◆ Action item: Could every line of the data be printed exactly as it reads?

◆ Records contained in a dataset:
=====
(* Let $k\geq 1$ and $n\geq k+2$ be integers. Then the $k$-distance matrices of all $k$-trees with $n$ vertices are equivalent to one another: for any two $k$-trees $T,T'$ with $n$ vertices there exist square integer matrices ${\sf P},{\sf Q}$ with $\det {\sf P},\det{\sf Q}\in\{\pm1\}$ such that ${\sf D}^k(T)={\sf P}\,{\sf D}^k(T')\,{\sf Q}$.
   Context: A $k$-tree is either the complete graph on $k$ vertices, or a graph obtained from a smaller $k$-tree by adding a new vertex joined by $k$ edges to all vertices of a $k$-clique (complete subgraph on $k$ vertices). In a $k$-tree $T$, for $k$-cliques $\tau,\tau'$, a $k$-walk from $\tau$ to $\tau'$ is a sequence $\tau_1\sigma_1\tau_2\sigma_2\cdots\tau_l$ with $\tau_1=\tau$, $\tau_l=\tau'$, the $\tau_i$ being $k$-cliques and $\sigma_i$ a $(k+1)$-clique containing both $\tau_i$ and $\tau_{i+1}$; the $k$-distance $\operatorname{dist}^k(\tau,\tau')$ is the number of $(k+1)$-cliques in a shortest such walk. If $T$ has $c$ $k$-cliques $\tau_1,\dots,\tau_c$ (in any fixed order), the $k$-distance matrix ${\sf D}^k(T)$ is the $c\times c$ integer matrix with $(i,j)$-entry $0$ if $i=j$ and $\operatorname{dist}^k(\tau_i,\tau_j)$ otherwise. (All $k$-trees with $n$ vertices have the same number $k(n-k)+1$ of $k$-cliques.) *)

theory Defs
  imports "Jordan_Normal_Form.Determinant"
begin

text \<open>Simple graphs: a vertex set V and a set E of undirected edges (2-element sets).\<close>

definition is_clique :: "'a set set \<Rightarrow> 'a set \<Rightarrow> bool" where
  "is_clique E C \<longleftrightarrow> (\<forall>u\<in>C. \<forall>w\<in>C. u \<noteq> w \<longrightarrow> {u, w} \<in> E)"

inductive ktree :: "nat \<Rightarrow> 'a set \<Rightarrow> 'a set set \<Rightarrow> bool" for k :: nat where
  base: "finite V \<Longrightarrow> card V = k \<Longrightarrow>
         ktree k V {{u, w} | u w. u \<in> V \<and> w \<in> V \<and> u \<noteq> w}"
| step: "ktree k V E \<Longrightarrow> v \<notin> V \<Longrightarrow> C \<subseteq> V \<Longrightarrow> card C = k \<Longrightarrow> is_clique E C \<Longrightarrow>
         ktree k (insert v V) (E \<union> {{v, u} | u. u \<in> C})"

definition cliques_of :: "nat \<Rightarrow> 'a set \<Rightarrow> 'a set set \<Rightarrow> 'a set set" where
  "cliques_of m V E = {C. C \<subseteq> V \<and> finite C \<and> card C = m \<and> is_clique E C}"

definition kstep :: "nat \<Rightarrow> 'a set \<Rightarrow> 'a set set \<Rightarrow> 'a set \<Rightarrow> 'a set \<Rightarrow> bool" where
  "kstep k V E t t' \<longleftrightarrow> t \<in> cliques_of k V E \<and> t' \<in> cliques_of k V E \<and>
      (\<exists>s \<in> cliques_of (Suc k) V E. t \<subseteq> s \<and> t' \<subseteq> s)"

text \<open>k-distance: number of (k+1)-cliques in a shortest k-walk.\<close>

definition kdist :: "nat \<Rightarrow> 'a set \<Rightarrow> 'a set set \<Rightarrow> 'a set \<Rightarrow> 'a set \<Rightarrow> nat" where
  "kdist k V E t t' = (LEAST m. (kstep k V E ^^ m) t t')"

definition kdist_matrix :: "nat \<Rightarrow> 'a set \<Rightarrow> 'a set set \<Rightarrow> 'a set list \<Rightarrow> int mat" where
  "kdist_matrix k V E cs = mat (length cs) (length cs)
     (\<lambda>(i, j). if i = j then 0 else int (kdist k V E (cs ! i) (cs ! j)))"

end

theory Submission
  imports Defs
begin

(* For a suitable enumeration of its k-cliques, the k-distance matrix D of a k-tree with n vertices
   is congruent, via a unimodular P, to a fixed matrix Kmat k N with N = 1 + (n - k) k.  Hence two
   such matrices D, D' satisfy D = P^-1 Q D' Q^T P^-T, and any other enumeration only permutes rows
   and columns.

   The normal form is built along the inductive construction of the k-tree.  Adding a vertex v over
   a k-clique C creates k new k-cliques, at distance 1 from each other and at distance d(C, x) + 1
   from every old k-clique x, since a walk can only leave the new (k+1)-clique through C.
   Subtracting the row and column of C from the new rows and columns leaves all-ones borders and a
   block with -2 on the diagonal and -1 elsewhere; applying the old P to the old part then yields
   the next Kmat, provided P maps the all-ones vector to e_0, which is kept as part of the
   invariant. *)

section \<open>Unimodular matrices\<close>

definition unimodular :: "nat \<Rightarrow> int mat \<Rightarrow> bool" where
  "unimodular n P \<longleftrightarrow> P \<in> carrier_mat n n \<and> det P \<in> {1, -1}"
=====
◆ Output below:
(* Let $k\geq 1$ and $n\geq k+2$ be integers. Then the $k$-distance matrices of all $k$-trees with $n$ vertices are equivalent to one another: for any two $k$-trees $T,T'$ with $n$ vertices there exist square integer matrices ${\sf P},{\sf Q}$ with $\det {\sf P},\det{\sf Q}\in\{\pm1\}$ such that ${\sf D}^k(T)={\sf P}\,{\sf D}^k(T')\,{\sf Q}$.
   Context: A $k$-tree is either the complete graph on $k$ vertices, or a graph obtained from a smaller $k$-tree by adding a new vertex joined by $k$ edges to all vertices of a $k$-clique (complete subgraph on $k$ vertices). In a $k$-tree $T$, for $k$-cliques $\tau,\tau'$, a $k$-walk from $\tau$ to $\tau'$ is a sequence $\tau_1\sigma_1\tau_2\sigma_2\cdots\tau_l$ with $\tau_1=\tau$, $\tau_l=\tau'$, the $\tau_i$ being $k$-cliques and $\sigma_i$ a $(k+1)$-clique containing both $\tau_i$ and $\tau_{i+1}$; the $k$-distance $\operatorname{dist}^k(\tau,\tau')$ is the number of $(k+1)$-cliques in a shortest such walk. If $T$ has $c$ $k$-cliques $\tau_1,\dots,\tau_c$ (in any fixed order), the $k$-distance matrix ${\sf D}^k(T)$ is the $c\times c$ integer matrix with $(i,j)$-entry $0$ if $i=j$ and $\operatorname{dist}^k(\tau_i,\tau_j)$ otherwise. (All $k$-trees with $n$ vertices have the same number $k(n-k)+1$ of $k$-cliques.) *)

theory Defs
  imports "Jordan_Normal_Form.Determinant"
begin

text \<open>Simple graphs: a vertex set V and a set E of undirected edges (2-element sets).\<close>

definition is_clique :: "'a set set \<Rightarrow> 'a set \<Rightarrow> bool" where
  "is_clique E C \<longleftrightarrow> (\<forall>u\<in>C. \<forall>w\<in>C. u \<noteq> w \<longrightarrow> {u, w} \<in> E)"

inductive ktree :: "nat \<Rightarrow> 'a set \<Rightarrow> 'a set set \<Rightarrow> bool" for k :: nat where
  base: "finite V \<Longrightarrow> card V = k \<Longrightarrow>
         ktree k V {{u, w} | u w. u \<in> V \<and> w \<in> V \<and> u \<noteq> w}"
| step: "ktree k V E \<Longrightarrow> v \<notin> V \<Longrightarrow> C \<subseteq> V \<Longrightarrow> card C = k \<Longrightarrow> is_clique E C \<Longrightarrow>
         ktree k (insert v V) (E \<union> {{v, u} | u. u \<in> C})"

definition cliques_of :: "nat \<Rightarrow> 'a set \<Rightarrow> 'a set set \<Rightarrow> 'a set set" where
  "cliques_of m V E = {C. C \<subseteq> V \<and> finite C \<and> card C = m \<and> is_clique E C}"

definition kstep :: "nat \<Rightarrow> 'a set \<Rightarrow> 'a set set \<Rightarrow> 'a set \<Rightarrow> 'a set \<Rightarrow> bool" where
  "kstep k V E t t' \<longleftrightarrow> t \<in> cliques_of k V E \<and> t' \<in> cliques_of k V E \<and>
      (\<exists>s \<in> cliques_of (Suc k) V E. t \<subseteq> s \<and> t' \<subseteq> s)"

text \<open>k-distance: number of (k+1)-cliques in a shortest k-walk.\<close>

definition kdist :: "nat \<Rightarrow> 'a set \<Rightarrow> 'a set set \<Rightarrow> 'a set \<Rightarrow> 'a set \<Rightarrow> nat" where
  "kdist k V E t t' = (LEAST m. (kstep k V E ^^ m) t t')"

definition kdist_matrix :: "nat \<Rightarrow> 'a set \<Rightarrow> 'a set set \<Rightarrow> 'a set list \<Rightarrow> int mat" where
  "kdist_matrix k V E cs = mat (length cs) (length cs)
     (\<lambda>(i, j). if i = j then 0 else int (kdist k V E (cs ! i) (cs ! j)))"

end

theory Submission
  imports Defs
begin

(* For a suitable enumeration of its k-cliques, the k-distance matrix D of a k-tree with n vertices
   is congruent, via a unimodular P, to a fixed matrix Kmat k N with N = 1 + (n - k) k.  Hence two
   such matrices D, D' satisfy D = P^-1 Q D' Q^T P^-T, and any other enumeration only permutes rows
   and columns.

   The normal form is built along the inductive construction of the k-tree.  Adding a vertex v over
   a k-clique C creates k new k-cliques, at distance 1 from each other and at distance d(C, x) + 1
   from every old k-clique x, since a walk can only leave the new (k+1)-clique through C.
   Subtracting the row and column of C from the new rows and columns leaves all-ones borders and a
   block with -2 on the diagonal and -1 elsewhere; applying the old P to the old part then yields
   the next Kmat, provided P maps the all-ones vector to e_0, which is kept as part of the
   invariant. *)

section \<open>Unimodular matrices\<close>

definition unimodular :: "nat \<Rightarrow> int mat \<Rightarrow> bool" where
  "unimodular n P \<longleftrightarrow> P \<in> carrier_mat n n \<and> det P \<in> {1, -1}"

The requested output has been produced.